What the task requires:
Exactly the lines from the opening of the data through the line containing "(boxes [m g, (m+1)" should be reproduced, please, with nothing added.
——————————
(* Let $S$ be a finite set of points in $\mathbb{R}^k$ with the Euclidean metric $d$, and let $(S_i,p_i,q_i,d_i)_{1\le i\le L}$ be a grid-based sparse partition of $S$ with grid box side lengths $g_i=d_i/(6k)$. Let $j=L-\lceil\log_3(2\sqrt{k})\rceil$ and assume $j\ge 1$. Then for any two distinct points $a,b\in S\setminus S_j$, $\delta(S)<d(a,b)$.
   Context: $d(x,T)=\min\{d(x,y):y\in T\setminus\{x\}\}$ and $\delta(S)=\min\{d(p,q):p,q\in S,p\ne q\}$. Grid-based sparse partition of $S$: levels $i=1,\dots,L$ with $S_1=S$; pivot $p_i$ chosen from $S_i$, $q_i$ a nearest neighbor of $p_i$ in $S_i$, $d_i=d(p_i,q_i)$; $G_i$ is the axis-aligned grid with boxes of side length $g_i=d_i/(6k)$; a point $x\in S_i$ is sparse at level $i$ if no other point of $S_i$ lies in the $3^k$ boxes of $G_i$ formed by the box containing $x$ and its bordering boxes; $S_i'$ is the set of sparse points of $S_i$; $S_{i+1}=S_i\setminus S_i'$; $S_{L+1}=\emptyset$. *)

theory Defs
  imports "HOL-Analysis.Analysis"
begin

(* Points of R^k are modelled as real^'n with k = CARD('n); dist is Euclidean. *)

definition min_dist :: "('a::metric_space) set \<Rightarrow> real" where
  "min_dist S = Min {dist p q | p q. p \<in> S \<and> q \<in> S \<and> p \<noteq> q}"

(* y lies in the 3^k boxes formed by the box of the axis-aligned grid of side g
   (boxes [m g, (m+1) g) per coordinate) containing x and its bordering boxes *)
definition in_nbhd_boxes :: "real \<Rightarrow> real^'n \<Rightarrow> real^'n \<Rightarrow> bool" where
  "in_nbhd_boxes g x y = (\<forall>c. \<bar>\<lfloor>y $ c / g\<rfloor> - \<lfloor>x $ c / g\<rfloor>\<bar> \<le> 1)"

definition sparse_points :: "real \<Rightarrow> (real^'n) set \<Rightarrow> (real^'n) set" where
  "sparse_points g T = {x \<in> T. \<forall>y\<in>T. y \<noteq> x \<longrightarrow> \<not> in_nbhd_boxes g x y}"

definition grid_sparse_partition ::
  "(real^'n) set \<Rightarrow> nat \<Rightarrow> (nat \<Rightarrow> (real^'n) set) \<Rightarrow> (nat \<Rightarrow> real^'n)
    \<Rightarrow> (nat \<Rightarrow> real^'n) \<Rightarrow> (nat \<Rightarrow> real) \<Rightarrow> bool" where
  "grid_sparse_partition S L Sq p q d \<longleftrightarrow>
     Sq 1 = S \<and>
     (\<forall>i\<in>{1..L}.
        p i \<in> Sq i \<and> q i \<in> Sq i \<and> q i \<noteq> p i \<and>
        (\<forall>y\<in>Sq i. y \<noteq> p i \<longrightarrow> dist (p i) (q i) \<le> dist (p i) y) \<and>
        d i = dist (p i) (q i) \<and>
        Sq (Suc i) = Sq i - sparse_points (d i / (6 * real CARD('n))) (Sq i)) \<and>
     Sq (Suc L) = {}"

end

theory Submission
  imports Defs
begin

text \<open>
  Let K = CARD('n). If the pivot p(i+1) survives level i, some other point of S(i) lies in
  its neighbourhood boxes, and by symmetry of that relation this point survives as well; so
  the pivot distances satisfy 3 \<surd>K d(i+1) \<le> d(i). A point that leaves before level
  j = L - \<lceil>log_3 (2 \<surd>K)\<rceil> leaves at a level i with L - i > \<lceil>log_3 (2 \<surd>K)\<rceil>, where
  (3 \<surd>K)^(L - i) \<ge> 6K, whence \<delta>(S) \<le> d(L) \<le> d(i) / (6K) = g(i). If a leaves at level i
  and b not earlier, then a is sparse in S(i) \<ni> b, so d(a,b) > g(i) \<ge> \<delta>(S).
\<close>

lemma abs_diff_gt_if_floor_quotients_far:
  fixes g x y :: real
  assumes "g > 0" and "\<not> \<bar>\<lfloor>y / g\<rfloor> - \<lfloor>x / g\<rfloor>\<bar> \<le> 1"
  shows "g < \<bar>y - x\<bar>"
proof -
  have "1 < \<bar>y / g - x / g\<bar>"
    using assms(2) by linarith
  then show ?thesis
    using assms(1) by (simp flip: diff_divide_distrib add: field_simps)
qed

lemma abs_diff_less_if_floor_quotients_near:
  fixes g x y :: real
  assumes "g > 0" and "\<bar>\<lfloor>y / g\<rfloor> - \<lfloor>x / g\<rfloor>\<bar> \<le> 1"
  shows "\<bar>y - x\<bar> < 2 * g"
proof -
  have "\<bar>y / g - x / g\<bar> < 2"
    using assms(2) by linarith
  then show ?thesis
    using assms(1) by (simp flip: diff_divide_distrib add: field_simps)
qed

lemma in_nbhd_boxes_commute: "in_nbhd_boxes g x y \<longleftrightarrow> in_nbhd_boxes g y x"
  unfolding in_nbhd_boxes_def by (simp add: abs_minus_commute)

lemma dist_gt_if_not_in_nbhd_boxes:
  fixes x y :: "real^'n"
  assumes "g > 0" and "\<not> in_nbhd_boxes g x y"
  shows "g < dist x y"
proof -
  obtain c where "\<not> \<bar>\<lfloor>y $ c / g\<rfloor> - \<lfloor>x $ c / g\<rfloor>\<bar> \<le> 1"
    using assms(2) unfolding in_nbhd_boxes_def by blast
  then have "g < \<bar>y $ c - x $ c\<bar>"
    by (rule abs_diff_gt_if_floor_quotients_far[OF assms(1)])
  also have "\<dots> = dist (x $ c) (y $ c)"
    by (simp add: dist_real_def abs_minus_commute)
  also have "\<dots> \<le> dist x y"
    by (rule dist_vec_nth_le)
  finally show ?thesis .
qed

lemma dist_le_if_in_nbhd_boxes:
  fixes x y :: "real^'n"
  assumes "g > 0" and "in_nbhd_boxes g x y"
  shows "dist x y \<le> 2 * g * sqrt (real CARD('n))"
proof -
  have "dist x y = L2_set (\<lambda>c. dist (x $ c) (y $ c)) UNIV"
    by (simp add: dist_vec_def)
  also have "\<dots> \<le> L2_set (\<lambda>c::'n. 2 * g) UNIV"
  proof (rule L2_set_mono)
    fix c :: 'n
    have "\<bar>y $ c - x $ c\<bar> < 2 * g"
      using assms unfolding in_nbhd_boxes_def
      by (blast intro: abs_diff_less_if_floor_quotients_near)
    then show "dist (x $ c) (y $ c) \<le> 2 * g"
      by (simp add: dist_real_def abs_minus_commute)
  qed simp
  also have "\<dots> = 2 * g * sqrt (real CARD('n))"
    using assms(1) by (simp add: L2_set_def real_sqrt_mult)
  finally show ?thesis .
qed

lemma sparse_points_dist_gt:
  fixes x y :: "real^'n"
  assumes "g > 0" and "x \<in> sparse_points g T" and "y \<in> T" and "y \<noteq> x"
  shows "g < dist x y"
  using assms by (auto simp: sparse_points_def intro: dist_gt_if_not_in_nbhd_boxes)

lemma min_dist_le:
  fixes S :: "'a::metric_space set"
  assumes "finite S" and "x \<in> S" and "y \<in> S" and "x \<noteq> y"
  shows "min_dist S \<le> dist x y"
proof -
  have "{dist p q | p q. p \<in> S \<and> q \<in> S \<and> p \<noteq> q} \<subseteq> (\<lambda>(p, q). dist p q) ` (S \<times> S)"
    by auto
  then have "finite {dist p q | p q. p \<in> S \<and> q \<in> S \<and> p \<noteq> q}"
    using assms(1) by (meson finite_SigmaI finite_imageI finite_subset)
  then show ?thesis
    unfolding min_dist_def using assms(2-4) by (blast intro: Min_le)
qed

lemma exists_exit_index:
  assumes "1 \<le> j" and "x \<in> A 1" and "x \<notin> A j"
  shows "\<exists>i. 1 \<le> i \<and> i < j \<and> x \<in> A i \<and> x \<notin> A (Suc i)"
  using assms
proof (induction j rule: nat_induct_at_least)
  case (Suc j)
  then show ?case
    by (cases "x \<in> A j") (auto intro: less_SucI)
qed simp

lemma log_three_two_sqrt_pos:
  fixes k :: real
  assumes "1 \<le> k"
  shows "0 < log 3 (2 * sqrt k)"
proof -
  have "1 \<le> sqrt k"
    using assms by simp
  then have "1 < 2 * sqrt k"
    by linarith
  then show ?thesis
    using assms by (subst zero_less_log_cancel_iff) auto
qed

lemma six_times_le_power_three_sqrt:
  fixes k :: real
  assumes "1 \<le> k" and "\<lceil>log 3 (2 * sqrt k)\<rceil> < int n"
  shows "6 * k \<le> (3 * sqrt k) ^ n"
proof -
  have "1 \<le> sqrt k"
    using assms(1) by simp
  have "1 \<le> n"
    using log_three_two_sqrt_pos[OF assms(1)] assms(2) by linarith
  have "log 3 (2 * sqrt k) \<le> real (n - 1)"
    using assms(2) \<open>1 \<le> n\<close> by linarith
  then have "2 * sqrt k \<le> 3 ^ (n - 1)"
    using \<open>1 \<le> sqrt k\<close> by (simp add: log_le_iff powr_realpow)
  have "6 * k = 3 * (2 * sqrt k) * sqrt k"
    using assms(1) by simp
  also have "\<dots> \<le> 3 * 3 ^ (n - 1) * sqrt k ^ n"
    using \<open>2 * sqrt k \<le> 3 ^ (n - 1)\<close> \<open>1 \<le> sqrt k\<close> \<open>1 \<le> n\<close>
    by (intro mult_mono mult_left_mono power_increasing[of 1, simplified]) auto
  also have "\<dots> = (3 * sqrt k) ^ n"
    using \<open>1 \<le> n\<close> by (simp add: power_mult_distrib flip: power_Suc)
  finally show ?thesis .
qed

context
  fixes S :: "(real^'n) set" and L :: nat and Sq :: "nat \<Rightarrow> (real^'n) set"
    and p q :: "nat \<Rightarrow> real^'n" and d :: "nat \<Rightarrow> real"
  assumes partition: "grid_sparse_partition S L Sq p q d"
begin

lemma grid_sparse_partition_level:
  assumes "1 \<le> i" and "i \<le> L"
  shows "p i \<in> Sq i" and "q i \<in> Sq i" and "q i \<noteq> p i" and "d i = dist (p i) (q i)"
    and "Sq (Suc i) = Sq i - sparse_points (d i / (6 * real CARD('n))) (Sq i)"
  using partition assms unfolding grid_sparse_partition_def by auto

lemma grid_sparse_partition_pivot_dist_pos:
  assumes "1 \<le> i" and "i \<le> L"
  shows "0 < d i"
  using grid_sparse_partition_level[OF assms] by simp

lemma grid_sparse_partition_pivot_nearest:
  assumes "1 \<le> i" and "i \<le> L" and "y \<in> Sq i" and "y \<noteq> p i"
  shows "d i \<le> dist (p i) y"
  using partition assms unfolding grid_sparse_partition_def by auto

lemma grid_sparse_partition_levels_antimono:
  assumes "1 \<le> i" and "i \<le> i'" and "i' \<le> Suc L"
  shows "Sq i' \<subseteq> Sq i"
  using assms(2,3)
proof (induction i' rule: dec_induct)
  case (step n)
  have "Sq (Suc n) \<subseteq> Sq n"
    using grid_sparse_partition_level(5)[of n] assms(1) step.hyps(1) step.prems by auto
  with step show ?case
    by simp
qed simp

lemma grid_sparse_partition_pivot_dist_step:
  assumes "1 \<le> i" and "i < L"
  shows "3 * sqrt (real CARD('n)) * d (Suc i) \<le> d i"
proof -
  define K where "K = real CARD('n)"
  define g where "g = d i / (6 * K)"
  have "0 < g"
    using grid_sparse_partition_pivot_dist_pos[of i] assms unfolding g_def K_def by simp
  have levels: "Sq (Suc i) = Sq i - sparse_points g (Sq i)"
    using grid_sparse_partition_level(5)[of i] assms unfolding g_def K_def by simp
  have "p (Suc i) \<in> Sq (Suc i)"
    using grid_sparse_partition_level(1)[of "Suc i"] assms by simp
  then obtain y where y: "y \<in> Sq i" "y \<noteq> p (Suc i)" "in_nbhd_boxes g (p (Suc i)) y"
    unfolding levels sparse_points_def by auto
  then have "y \<in> Sq (Suc i)"
    using \<open>p (Suc i) \<in> Sq (Suc i)\<close> unfolding levels sparse_points_def
    by (auto simp: in_nbhd_boxes_commute)
  then have "d (Suc i) \<le> dist (p (Suc i)) y"
    using grid_sparse_partition_pivot_nearest[of "Suc i"] assms y(2) by simp
  also have "\<dots> \<le> 2 * g * sqrt K"
    using dist_le_if_in_nbhd_boxes[OF \<open>0 < g\<close> y(3)] unfolding K_def .
  finally have "3 * sqrt K * d (Suc i) \<le> 3 * sqrt K * (2 * g * sqrt K)"
    by (intro mult_left_mono) (simp_all add: K_def)
  also have "\<dots> = 6 * g * (sqrt K * sqrt K)"
    by algebra
  also have "\<dots> = d i"
    unfolding g_def K_def by simp
  finally show ?thesis
    unfolding K_def .
qed

lemma grid_sparse_partition_pivot_dist_decay:
  assumes "1 \<le> i" and "i \<le> L"
  shows "(3 * sqrt (real CARD('n))) ^ (L - i) * d L \<le> d i"
  using assms(2)
proof (induction i rule: inc_induct)
  case (step n)
  let ?r = "3 * sqrt (real CARD('n))"
  have "L - n = Suc (L - Suc n)"
    using step.hyps(2) by simp
  then have "?r ^ (L - n) * d L = ?r * (?r ^ (L - Suc n) * d L)"
    by (simp only: power_Suc mult.assoc)
  also have "\<dots> \<le> ?r * d (Suc n)"
    using step.IH by (simp add: mult_left_mono)
  also have "\<dots> \<le> d n"
    using grid_sparse_partition_pivot_dist_step step.hyps assms(1) by simp
  finally show ?case .
qed simp

lemma grid_sparse_partition_min_dist_le_last_pivot_dist:
  assumes "finite S" and "1 \<le> L"
  shows "min_dist S \<le> d L"
proof -
  have "Sq 1 = S"
    using partition unfolding grid_sparse_partition_def by simp
  then have "Sq L \<subseteq> S"
    using grid_sparse_partition_levels_antimono[of 1 L] assms(2) by simp
  then show ?thesis
    using grid_sparse_partition_level[of L] assms min_dist_le[of S "p L" "q L"] by auto
qed

lemma grid_sparse_partition_min_dist_less_dist_sparse_point:
  assumes "finite S" and "1 \<le> i" and "\<lceil>log 3 (2 * sqrt (real CARD('n)))\<rceil> < int L - int i"
    and "x \<in> Sq i - Sq (Suc i)" and "y \<in> Sq i" and "y \<noteq> x"
  shows "min_dist S < dist x y"
proof -
  define K where "K = real CARD('n)"
  have "1 \<le> K"
    unfolding K_def by simp
  have "i \<le> L"
    using log_three_two_sqrt_pos[OF \<open>1 \<le> K\<close>] assms(3) unfolding K_def by linarith
  have "min_dist S \<le> d L"
    using grid_sparse_partition_min_dist_le_last_pivot_dist assms(1,2) \<open>i \<le> L\<close> by simp
  also have "\<dots> \<le> d i / (6 * K)"
  proof -
    have "6 * K \<le> (3 * sqrt K) ^ (L - i)"
      using six_times_le_power_three_sqrt[OF \<open>1 \<le> K\<close>] assms(3) \<open>i \<le> L\<close>
      unfolding K_def by (simp add: of_nat_diff)
    then have "6 * K * d L \<le> (3 * sqrt K) ^ (L - i) * d L"
      using grid_sparse_partition_pivot_dist_pos[of L] assms(2) \<open>i \<le> L\<close> by simp
    also have "\<dots> \<le> d i"
      using grid_sparse_partition_pivot_dist_decay assms(2) \<open>i \<le> L\<close> unfolding K_def by simp
    finally show ?thesis
      using \<open>1 \<le> K\<close> by (simp add: field_simps)
  qed
  also have "\<dots> < dist x y"
  proof (rule sparse_points_dist_gt)
    show "0 < d i / (6 * K)"
      using grid_sparse_partition_pivot_dist_pos assms(2) \<open>i \<le> L\<close> \<open>1 \<le> K\<close> by simp
    show "x \<in> sparse_points (d i / (6 * K)) (Sq i)"
      using grid_sparse_partition_level(5) assms(2,4) \<open>i \<le> L\<close> unfolding K_def by auto
  qed (use assms(5,6) in auto)
  finally show ?thesis .
qed

end

theorem lemma6p1:
  fixes S :: "(real^'n) set" and L :: nat and Sq :: "nat \<Rightarrow> (real^'n) set"
    and p q :: "nat \<Rightarrow> real^'n" and d :: "nat \<Rightarrow> real" and j :: int
  assumes "finite S"
    and "grid_sparse_partition S L Sq p q d"
    and "j = int L - \<lceil>log 3 (2 * sqrt (real CARD('n)))\<rceil>"
    and "j \<ge> 1"
    and "a \<in> S - Sq (nat j)" and "b \<in> S - Sq (nat j)" and "a \<noteq> b"
  shows "min_dist S < dist a b"
proof -
  have "Sq 1 = S"
    using assms(2) unfolding grid_sparse_partition_def by simp
  have "0 < log 3 (2 * sqrt (real CARD('n)))"
    by (rule log_three_two_sqrt_pos) simp
  then have "j \<le> int L"
    using assms(3) by linarith
  then have "nat j \<le> L"
    by (simp add: nat_le_iff)
  have exit_level: "\<exists>i. 1 \<le> i \<and> i < nat j \<and> x \<in> Sq i \<and> x \<notin> Sq (Suc i)"
    if "x \<in> S - Sq (nat j)" for x
    using exists_exit_index[of "nat j" x Sq] that assms(4) \<open>Sq 1 = S\<close> by simp
  have min_dist_less: "min_dist S < dist x y"
    if "1 \<le> i" "i \<le> i'" "i' < nat j" "x \<in> Sq i - Sq (Suc i)" "y \<in> Sq i'" "y \<noteq> x"
    for x y i i'
  proof (rule grid_sparse_partition_min_dist_less_dist_sparse_point[OF assms(2,1)])
    show "\<lceil>log 3 (2 * sqrt (real CARD('n)))\<rceil> < int L - int i"
      using that(2,3) assms(3,4) by linarith
    show "y \<in> Sq i"
      using grid_sparse_partition_levels_antimono[OF assms(2) that(1,2)] that(3,5) \<open>nat j \<le> L\<close>
      by auto
  qed (use that in auto)
  obtain ia where "1 \<le> ia" "ia < nat j" "a \<in> Sq ia - Sq (Suc ia)"
    using exit_level assms(5) by blast
  moreover obtain ib where "1 \<le> ib" "ib < nat j" "b \<in> Sq ib - Sq (Suc ib)"
    using exit_level assms(6) by blast
  ultimately show ?thesis
    using min_dist_less[of ia ib a b] min_dist_less[of ib ia b a] assms(7)
    by (cases "ia \<le> ib") (auto simp: dist_commute)
qed

end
——————————
Result of this task:
(* Let $S$ be a finite set of points in $\mathbb{R}^k$ with the Euclidean metric $d$, and let $(S_i,p_i,q_i,d_i)_{1\le i\le L}$ be a grid-based sparse partition of $S$ with grid box side lengths $g_i=d_i/(6k)$. Let $j=L-\lceil\log_3(2\sqrt{k})\rceil$ and assume $j\ge 1$. Then for any two distinct points $a,b\in S\setminus S_j$, $\delta(S)<d(a,b)$.
   Context: $d(x,T)=\min\{d(x,y):y\in T\setminus\{x\}\}$ and $\delta(S)=\min\{d(p,q):p,q\in S,p\ne q\}$. Grid-based sparse partition of $S$: levels $i=1,\dots,L$ with $S_1=S$; pivot $p_i$ chosen from $S_i$, $q_i$ a nearest neighbor of $p_i$ in $S_i$, $d_i=d(p_i,q_i)$; $G_i$ is the axis-aligned grid with boxes of side length $g_i=d_i/(6k)$; a point $x\in S_i$ is sparse at level $i$ if no other point of $S_i$ lies in the $3^k$ boxes of $G_i$ formed by the box containing $x$ and its bordering boxes; $S_i'$ is the set of sparse points of $S_i$; $S_{i+1}=S_i\setminus S_i'$; $S_{L+1}=\emptyset$. *)

theory Defs
  imports "HOL-Analysis.Analysis"
begin

(* Points of R^k are modelled as real^'n with k = CARD('n); dist is Euclidean. *)

definition min_dist :: "('a::metric_space) set \<Rightarrow> real" where
  "min_dist S = Min {dist p q | p q. p \<in> S \<and> q \<in> S \<and> p \<noteq> q}"

(* y lies in the 3^k boxes formed by the box of the axis-aligned grid of side g
   (boxes [m g, (m+1) g) per coordinate) containing x and its bordering boxes *)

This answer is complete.